Series Radius of Convergence Calculator

Enter coefficient behavior, center, and limits. Get radius, interval notes, and test logic with steps. Download clean reports for calculus homework and revision today.

Calculator Inputs

Example Data Table

Series Coefficient Pattern Center Method Radius Interval Note
a(n) = 3^n 0 Template 1/3 Endpoint tests needed
a(n) = n^2 · 4^n 2 Template 1/4 Check x = 1.75 and x = 2.25
a(n) = 5^n / n! 0 Template Converges for all real x
a(n) = n! · 2^n 1 Template 0 Only center is allowed

Formula Used

For a power series Σ a(n)(x - c)^n, the ratio test uses:

R = 1 / L, where L = lim |a(n+1) / a(n)|.

The root test uses:

R = 1 / L, where L = lim |a(n)|^(1/n).

If L = 0, then R = ∞. If L = ∞, then R = 0. If R is finite, endpoints require separate testing.
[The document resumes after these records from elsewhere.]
(* Let $\mathcal O$ be an $N_\infty$ operad for the finite group $G$, and let $K\le H\le G$. If the $H$-set $H/K$ is admissible for $\mathcal O$ and the finite $K$-set $T$ is admissible for $\mathcal O$, then the induced $H$-set $H\times_K T$ is admissible for $\mathcal O$.
   Context: A $G$-operad $\mathcal O$ consists of $G\times\Sigma_n$-spaces $\mathcal O_n$ ($n\ge0$), a $G$-fixed identity $1\in\mathcal O_1$ and $G$-equivariant composition maps $\mathcal O_k\times\mathcal O_{n_1}\times\cdots\times\mathcal O_{n_k}\to\mathcal O_{n_1+\cdots+n_k}$ satisfying the usual operad axioms (associativity, unit, equivariance for symmetric groups). A family of subgroups is a set of subgroups closed under subgroups and conjugation; a universal space for a family $\mathcal F$ of subgroups of $\Pi$ is a $\Pi$-space whose $\Gamma$-fixed points are contractible for $\Gamma\in\mathcal F$ and empty otherwise. An $N_\infty$ operad is a $G$-operad with $\mathcal O_0$ $G$-contractible, $\Sigma_n$ acting freely on $\mathcal O_n$, and $\mathcal O_n$ a universal space for a family $\mathcal F_n(\mathcal O)$ of subgroups of $G\times\Sigma_n$ containing all $H\times\{1\}$. For $L\le G$ and a finite $L$-set $T$ with $|T|=n$, choosing $T\cong\{1,\dots,n\}$ gives a homomorphism $L\to\Sigma_n$ with graph $\Gamma_T\le G\times\Sigma_n$ (well defined up to $\Sigma_n$-conjugacy); $T$ is admissible for $\mathcal O$ if $\mathcal O_n^{\Gamma_T}\neq\emptyset$. *)

theory Defs
  imports "HOL-Analysis.Analysis" "HOL-Algebra.Group" "HOL-Algebra.Coset"
begin

definition Sym :: "nat \<Rightarrow> (nat \<Rightarrow> nat) monoid" where
  "Sym n = \<lparr>carrier = {p. p permutes {..<n}}, mult = (\<circ>), one = id\<rparr>"

definition top_action :: "('p, 'm) monoid_scheme \<Rightarrow> 'a topology \<Rightarrow> ('p \<Rightarrow> 'a \<Rightarrow> 'a) \<Rightarrow> bool" where
  "top_action PP X act \<longleftrightarrow>
     (\<forall>g\<in>carrier PP. continuous_map X X (act g)) \<and>
     (\<forall>x\<in>topspace X. act \<one>\<^bsub>PP\<^esub> x = x) \<and>
     (\<forall>g\<in>carrier PP. \<forall>h\<in>carrier PP. \<forall>x\<in>topspace X. act (g \<otimes>\<^bsub>PP\<^esub> h) x = act g (act h x))"

definition fixset :: "'p set \<Rightarrow> ('p \<Rightarrow> 'a \<Rightarrow> 'a) \<Rightarrow> 'a topology \<Rightarrow> 'a set" where
  "fixset Gam act X = {x \<in> topspace X. \<forall>g\<in>Gam. act g x = x}"

definition family_of_subgroups :: "('p, 'm) monoid_scheme \<Rightarrow> 'p set set \<Rightarrow> bool" where
  "family_of_subgroups PP F \<longleftrightarrow>
     (\<forall>Gam\<in>F. subgroup Gam PP) \<and>
     (\<forall>Gam\<in>F. \<forall>Gam'. subgroup Gam' PP \<and> Gam' \<subseteq> Gam \<longrightarrow> Gam' \<in> F) \<and>
     (\<forall>Gam\<in>F. \<forall>p\<in>carrier PP. (\<lambda>g. p \<otimes>\<^bsub>PP\<^esub> g \<otimes>\<^bsub>PP\<^esub> inv\<^bsub>PP\<^esub> p) ` Gam \<in> F)"

definition universal_space :: "('p, 'm) monoid_scheme \<Rightarrow> 'p set set \<Rightarrow> 'a topology \<Rightarrow> ('p \<Rightarrow> 'a \<Rightarrow> 'a) \<Rightarrow> bool" where
  "universal_space PP F X act \<longleftrightarrow>
     (\<forall>Gam. subgroup Gam PP \<longrightarrow>
        (Gam \<in> F \<longrightarrow> fixset Gam act X \<noteq> {} \<and> contractible_space (subtopology X (fixset Gam act X))) \<and>
        (Gam \<notin> F \<longrightarrow> fixset Gam act X = {}))"

text \<open>G-contractible: equivariantly homotopy equivalent to a point, i.e. there is a G-fixed point
  and an equivariant homotopy from the identity to the constant map at it.\<close>
definition G_contractible :: "('g, 'm) monoid_scheme \<Rightarrow> 'a topology \<Rightarrow> ('g \<Rightarrow> 'a \<Rightarrow> 'a) \<Rightarrow> bool" where
  "G_contractible G X act \<longleftrightarrow>
     (\<exists>a\<in>topspace X. (\<forall>g\<in>carrier G. act g a = a) \<and>
        homotopic_with (\<lambda>f. \<forall>g\<in>carrier G. \<forall>x\<in>topspace X. f (act g x) = act g (f x))
           X X id (\<lambda>x. a))"

definition off :: "nat list \<Rightarrow> nat \<Rightarrow> nat" where
  "off ns i = sum_list (take i ns)"

definition blk :: "nat list \<Rightarrow> nat \<Rightarrow> nat" where
  "blk ns p = (LEAST i. p < off ns (Suc i))"

definition block_sum :: "nat list \<Rightarrow> (nat \<Rightarrow> nat \<Rightarrow> nat) \<Rightarrow> nat \<Rightarrow> nat" where
  "block_sum ns taus p =
     (if p < sum_list ns then off ns (blk ns p) + taus (blk ns p) (p - off ns (blk ns p)) else p)"

definition permute_list :: "nat list \<Rightarrow> (nat \<Rightarrow> nat) \<Rightarrow> nat list" where
  "permute_list ns s = map (\<lambda>j. ns ! s j) [0..<length ns]"

text \<open>Block permutation: position p in the layout of (permute_list ns s), lying in block j at
  offset r, goes to position off ns (s j) + r in the layout of ns.\<close>
definition block_perm :: "nat list \<Rightarrow> (nat \<Rightarrow> nat) \<Rightarrow> nat \<Rightarrow> nat" where
  "block_perm ns s p =
     (let ns' = permute_list ns s in
      if p < sum_list ns' then off ns (s (blk ns' p)) + (p - off ns' (blk ns' p)) else p)"

text \<open>A G-operad: spaces Op n (all carried by one type 'a), continuous actions act n of G x Sym n,
  identity e, composition maps gamma ns : Op k x Op (ns!0) x ... x Op (ns!(k-1)) \<rightarrow> Op (sum ns),
  where k = length ns and the tuple of inputs is an extensional function on {..<k}.
  Convention for Sym-actions: an operation with k inputs behaves like a function f(a_0..a_{k-1}),
  and (s.f)(a_0,..,a_{k-1}) = f(a_{s 0},..,a_{s (k-1)}).\<close>
definition G_operad ::
  "('g, 'm) monoid_scheme \<Rightarrow> (nat \<Rightarrow> 'a topology) \<Rightarrow> (nat \<Rightarrow> 'g \<times> (nat \<Rightarrow> nat) \<Rightarrow> 'a \<Rightarrow> 'a)
     \<Rightarrow> 'a \<Rightarrow> (nat list \<Rightarrow> 'a \<Rightarrow> (nat \<Rightarrow> 'a) \<Rightarrow> 'a) \<Rightarrow> bool" where
  "G_operad G Op act e gamma \<longleftrightarrow>
     group G \<and>
     (\<forall>n. top_action (G \<times>\<times> Sym n) (Op n) (act n)) \<and>
     \<comment> \<open>identity\<close>
     e \<in> topspace (Op 1) \<and> (\<forall>g\<in>carrier G. act 1 (g, id) e = e) \<and>
     \<comment> \<open>composition maps are continuous maps into the right space\<close>
     (\<forall>ns. continuous_map
              (prod_topology (Op (length ns)) (product_topology (\<lambda>i. Op (ns ! i)) {..<length ns}))
              (Op (sum_list ns)) (\<lambda>(x, ys). gamma ns x ys)) \<and>
     \<comment> \<open>G-equivariance\<close>
     (\<forall>ns x ys g. x \<in> topspace (Op (length ns)) \<and> ys \<in> (PiE {..<length ns} (\<lambda>i. topspace (Op (ns ! i))))
        \<and> g \<in> carrier G \<longrightarrow>
        gamma ns (act (length ns) (g, id) x) (\<lambda>i\<in>{..<length ns}. act (ns ! i) (g, id) (ys i))
          = act (sum_list ns) (g, id) (gamma ns x ys)) \<and>
     \<comment> \<open>associativity\<close>
     (\<forall>ns ms x ys zs. length ms = sum_list ns \<and> x \<in> topspace (Op (length ns)) \<and>
        ys \<in> (PiE {..<length ns} (\<lambda>i. topspace (Op (ns ! i)))) \<and>
        zs \<in> (PiE {..<length ms} (\<lambda>j. topspace (Op (ms ! j)))) \<longrightarrow>
        gamma ms (gamma ns x ys) zs =
        gamma (map (\<lambda>i. sum_list (take (ns ! i) (drop (off ns i) ms))) [0..<length ns]) x
          (\<lambda>i\<in>{..<length ns}. gamma (take (ns ! i) (drop (off ns i) ms)) (ys i)
                                 (\<lambda>j\<in>{..<ns ! i}. zs (off ns i + j)))) \<and>
     \<comment> \<open>unit laws\<close>
     (\<forall>n y. y \<in> topspace (Op n) \<longrightarrow> gamma [n] e (\<lambda>i\<in>{..<1}. y) = y) \<and>
     (\<forall>k x. x \<in> topspace (Op k) \<longrightarrow> gamma (replicate k 1) x (\<lambda>i\<in>{..<k}. e) = x) \<and>
     \<comment> \<open>equivariance for the symmetric groups: permuting the inputs\<close>
     (\<forall>ns x ys s. x \<in> topspace (Op (length ns)) \<and> ys \<in> (PiE {..<length ns} (\<lambda>i. topspace (Op (ns ! i))))
        \<and> s permutes {..<length ns} \<longrightarrow>
        gamma ns (act (length ns) (\<one>\<^bsub>G\<^esub>, s) x) ys
          = act (sum_list ns) (\<one>\<^bsub>G\<^esub>, block_perm ns s) (gamma (permute_list ns s) x (\<lambda>j. ys (s j)))) \<and>
     \<comment> \<open>equivariance for the symmetric groups: block sums\<close>
     (\<forall>ns x ys taus. x \<in> topspace (Op (length ns)) \<and> ys \<in> (PiE {..<length ns} (\<lambda>i. topspace (Op (ns ! i))))
        \<and> (\<forall>i<length ns. taus i permutes {..<ns ! i}) \<longrightarrow>
        gamma ns x (\<lambda>i\<in>{..<length ns}. act (ns ! i) (\<one>\<^bsub>G\<^esub>, taus i) (ys i))
          = act (sum_list ns) (\<one>\<^bsub>G\<^esub>, block_sum ns taus) (gamma ns x ys))"

definition N_infty_operad ::
  "('g, 'm) monoid_scheme \<Rightarrow> (nat \<Rightarrow> 'a topology) \<Rightarrow> (nat \<Rightarrow> 'g \<times> (nat \<Rightarrow> nat) \<Rightarrow> 'a \<Rightarrow> 'a)
     \<Rightarrow> 'a \<Rightarrow> (nat list \<Rightarrow> 'a \<Rightarrow> (nat \<Rightarrow> 'a) \<Rightarrow> 'a) \<Rightarrow> bool" where
  "N_infty_operad G Op act e gamma \<longleftrightarrow>
     G_operad G Op act e gamma \<and>
     G_contractible G (Op 0) (\<lambda>g. act 0 (g, id)) \<and>
     (\<forall>n. \<forall>s\<in>carrier (Sym n). \<forall>x\<in>topspace (Op n). act n (\<one>\<^bsub>G\<^esub>, s) x = x \<longrightarrow> s = id) \<and>
     (\<forall>n. \<exists>F. family_of_subgroups (G \<times>\<times> Sym n) F \<and>
            (\<forall>H. subgroup H G \<longrightarrow> H \<times> {id} \<in> F) \<and>
            universal_space (G \<times>\<times> Sym n) F (Op n) (act n))"

definition set_action :: "('g, 'm) monoid_scheme \<Rightarrow> 'g set \<Rightarrow> 'b set \<Rightarrow> ('g \<Rightarrow> 'b \<Rightarrow> 'b) \<Rightarrow> bool" where
  "set_action G L T tact \<longleftrightarrow>
     (\<forall>l\<in>L. \<forall>t\<in>T. tact l t \<in> T) \<and>
     (\<forall>t\<in>T. tact \<one>\<^bsub>G\<^esub> t = t) \<and>
     (\<forall>l\<in>L. \<forall>l'\<in>L. \<forall>t\<in>T. tact (l \<otimes>\<^bsub>G\<^esub> l') t = tact l (tact l' t))"

text \<open>Given a bijection f : T \<rightarrow> {..<n}, the homomorphism L \<rightarrow> Sym n and its graph.\<close>
definition perm_via :: "'b set \<Rightarrow> ('b \<Rightarrow> nat) \<Rightarrow> ('g \<Rightarrow> 'b \<Rightarrow> 'b) \<Rightarrow> 'g \<Rightarrow> nat \<Rightarrow> nat" where
  "perm_via T f tact l = (\<lambda>p. if p < card T then f (tact l (inv_into T f p)) else p)"

definition graph_of :: "'g set \<Rightarrow> 'b set \<Rightarrow> ('b \<Rightarrow> nat) \<Rightarrow> ('g \<Rightarrow> 'b \<Rightarrow> 'b) \<Rightarrow> ('g \<times> (nat \<Rightarrow> nat)) set" where
  "graph_of L T f tact = {(l, perm_via T f tact l) | l. l \<in> L}"

definition admissible ::
  "(nat \<Rightarrow> 'a topology) \<Rightarrow> (nat \<Rightarrow> 'g \<times> (nat \<Rightarrow> nat) \<Rightarrow> 'a \<Rightarrow> 'a)
     \<Rightarrow> 'g set \<Rightarrow> 'b set \<Rightarrow> ('g \<Rightarrow> 'b \<Rightarrow> 'b) \<Rightarrow> bool" where
  "admissible Op act L T tact \<longleftrightarrow>
     (\<exists>f. bij_betw f T {..<card T} \<and>
          fixset (graph_of L T f tact) (act (card T)) (Op (card T)) \<noteq> {})"

definition coset_set :: "('g, 'm) monoid_scheme \<Rightarrow> 'g set \<Rightarrow> 'g set \<Rightarrow> 'g set set" where
  "coset_set G H K = {a <#\<^bsub>G\<^esub> K | a. a \<in> H}"

definition coset_act :: "('g, 'm) monoid_scheme \<Rightarrow> 'g \<Rightarrow> 'g set \<Rightarrow> 'g set" where
  "coset_act G h C = h <#\<^bsub>G\<^esub> C"

text \<open>H \<times>_K T = (H \<times> T)/K, where k.(h,t) = (h k^-1, k t); elements are the K-orbits.\<close>
definition ind_class :: "('g, 'm) monoid_scheme \<Rightarrow> 'g set \<Rightarrow> ('g \<Rightarrow> 'b \<Rightarrow> 'b) \<Rightarrow> 'g \<Rightarrow> 'b \<Rightarrow> ('g \<times> 'b) set" where
  "ind_class G K tact h t = {(h \<otimes>\<^bsub>G\<^esub> inv\<^bsub>G\<^esub> k, tact k t) | k. k \<in> K}"

definition ind_set :: "('g, 'm) monoid_scheme \<Rightarrow> 'g set \<Rightarrow> 'g set \<Rightarrow> 'b set \<Rightarrow> ('g \<Rightarrow> 'b \<Rightarrow> 'b) \<Rightarrow> ('g \<times> 'b) set set" where
  "ind_set G H K T tact = {ind_class G K tact h t | h t. h \<in> H \<and> t \<in> T}"

definition ind_act :: "('g, 'm) monoid_scheme \<Rightarrow> 'g \<Rightarrow> ('g \<times> 'b) set \<Rightarrow> ('g \<times> 'b) set" where
  "ind_act G h' C = (\<lambda>(h, t). (h' \<otimes>\<^bsub>G\<^esub> h, t)) ` C"

end

theory Submission
  imports Defs
begin

text \<open>Fix representatives \<open>r\<^sub>i\<close> (\<open>i < m\<close>) of \<open>H/K\<close>, a point \<open>x\<close> of \<open>\<O>\<^sub>m\<close> fixed by
  the graph of \<open>H \<rightarrow> \<Sigma>\<^sub>m\<close> and a point \<open>y\<close> of \<open>\<O>\<^sub>n\<close> fixed by the graph of \<open>K \<rightarrow> \<Sigma>\<^sub>n\<close>.
  Enumerate \<open>H \<times>\<^sub>K T\<close> by \<open>(i, t) \<mapsto> [r\<^sub>i, t]\<close> and write \<open>h r\<^sub>i = r\<^sub>\<sigma>\<^sub>i k\<^sub>i\<close> with
  \<open>k\<^sub>i \<in> K\<close>; then \<open>h\<close> acts on \<open>H \<times>\<^sub>K T\<close> as the wreath product permutation
  \<open>(i, t) \<mapsto> (\<sigma> i, k\<^sub>i t)\<close>.  The point \<open>\<gamma>(x; r\<^sub>0 y, \<dots>, r\<^sub>m\<^sub>-\<^sub>1 y)\<close> is fixed by \<open>h\<close>
  together with this permutation: by equivariance of \<open>\<gamma>\<close>, acting with \<open>h\<close> amounts to
  acting on \<open>x\<close>, which permutes the inputs by \<open>\<sigma>\<close>, and on each input, where
  \<open>h r\<^sub>i y = r\<^sub>\<sigma>\<^sub>i k\<^sub>i y\<close> and \<open>k\<^sub>i\<close> acts on \<open>y\<close> as its permutation of \<open>T\<close>.  The
  symmetric group axioms turn these into the block permutation \<open>\<sigma>\<close> followed by the block
  sum of the permutations of the \<open>k\<^sub>i\<close>.\<close>

section \<open>Wreath product permutations\<close>

lemma mult_add_less_mult:
  fixes i u m n :: nat
  assumes "i < m" "u < n"
  shows "i * n + u < m * n"
proof -
  have "Suc i * n \<le> m * n" using assms(1) by (intro mult_le_mono1) simp
  then show ?thesis using assms(2) by simp
qed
How to Use This Calculator

  1. Select ratio test, root test, or coefficient template.
  2. Enter the center value c of the power series.
  3. Enter the required limit or template values.
  4. Add endpoint decisions when you already tested them.
  5. Press the calculate button.
  6. Review the radius, interval note, and steps.
  7. Use CSV or PDF buttons to save the result.

About This Radius Tool

A power series usually looks simple, yet its useful range can be delicate. This calculator helps estimate the radius of convergence for series written around a center. It supports ratio test limits, root test limits, and common coefficient templates. You can also record endpoint behavior, so the final interval note is more practical.

Why Radius Matters

The radius tells how far x may move from the center before the series stops converging. Inside that distance, a power series behaves like a trusted function. Outside it, terms normally fail to settle. At the boundary, separate checks are needed, because the radius test gives no final answer there.

Advanced Input Choices

Use the ratio limit when you know the limit of the absolute coefficient ratio. Use the root limit when the nth root of the coefficient is easier. For common templates, choose geometric, polynomial geometric, factorial denominator, or factorial numerator. These options cover many textbook patterns. The calculator also accepts a center value, so results can be shown as an interval around that point.

Endpoint Review

Endpoint testing is optional because it depends on the original series. A finite radius gives two boundary points. You may enter notes for the left endpoint and right endpoint. For example, an alternating harmonic endpoint may converge, while a harmonic endpoint may diverge. The tool preserves these notes in the result and export files.

Learning Benefit

The calculator is meant to show reasoning, not only an answer. It displays the selected method, the limit used, the radius, and the interval form. This makes it useful for checking homework, preparing examples, or building content for calculus lessons. The example table gives sample inputs and expected outcomes.

Good Practice

Always verify that your coefficient model matches the series. If the coefficient contains factorials, powers, or exponentials, choose the closest template. If you already computed a limit by hand, use ratio or root mode. For endpoint decisions, test the two substituted series separately. This keeps the final interval accurate and clearly justified.

Best Results

Use decimal values when a limit is numeric. Use infinity only when the coefficients shrink faster than every exponential rate. Use zero when coefficients grow too quickly for any nonzero distance.

FAQs

1. What is the radius of convergence?

It is the distance from the center of a power series to the edge of convergence. Inside the radius, the series converges absolutely. Outside it, the series usually diverges.

2. What does an infinite radius mean?

An infinite radius means the power series converges for every real x. Factorial denominators often create this result because they shrink terms very fast.

3. What does a zero radius mean?

A zero radius means the series only converges at its center. Factorial numerators often cause this because coefficients grow too fast.

4. Should endpoints always be tested?

Yes, when the radius is finite. The ratio and root tests do not decide endpoint behavior. Substitute each endpoint into the original series and test separately.

5. Which method should I choose?

Choose ratio test when coefficient ratios simplify well. Choose root test when nth powers dominate. Choose templates for common textbook coefficient patterns.

6. Can this calculator prove endpoint convergence?

It records endpoint decisions, but it does not fully prove them. You should test each endpoint with a suitable series test.

7. Why does the center matter?

The center shifts the interval. A radius of two around center three creates boundary points at one and five.

8. Can I export my calculation?

Yes. After calculation, use the CSV button for spreadsheet data or the PDF button for a clean report.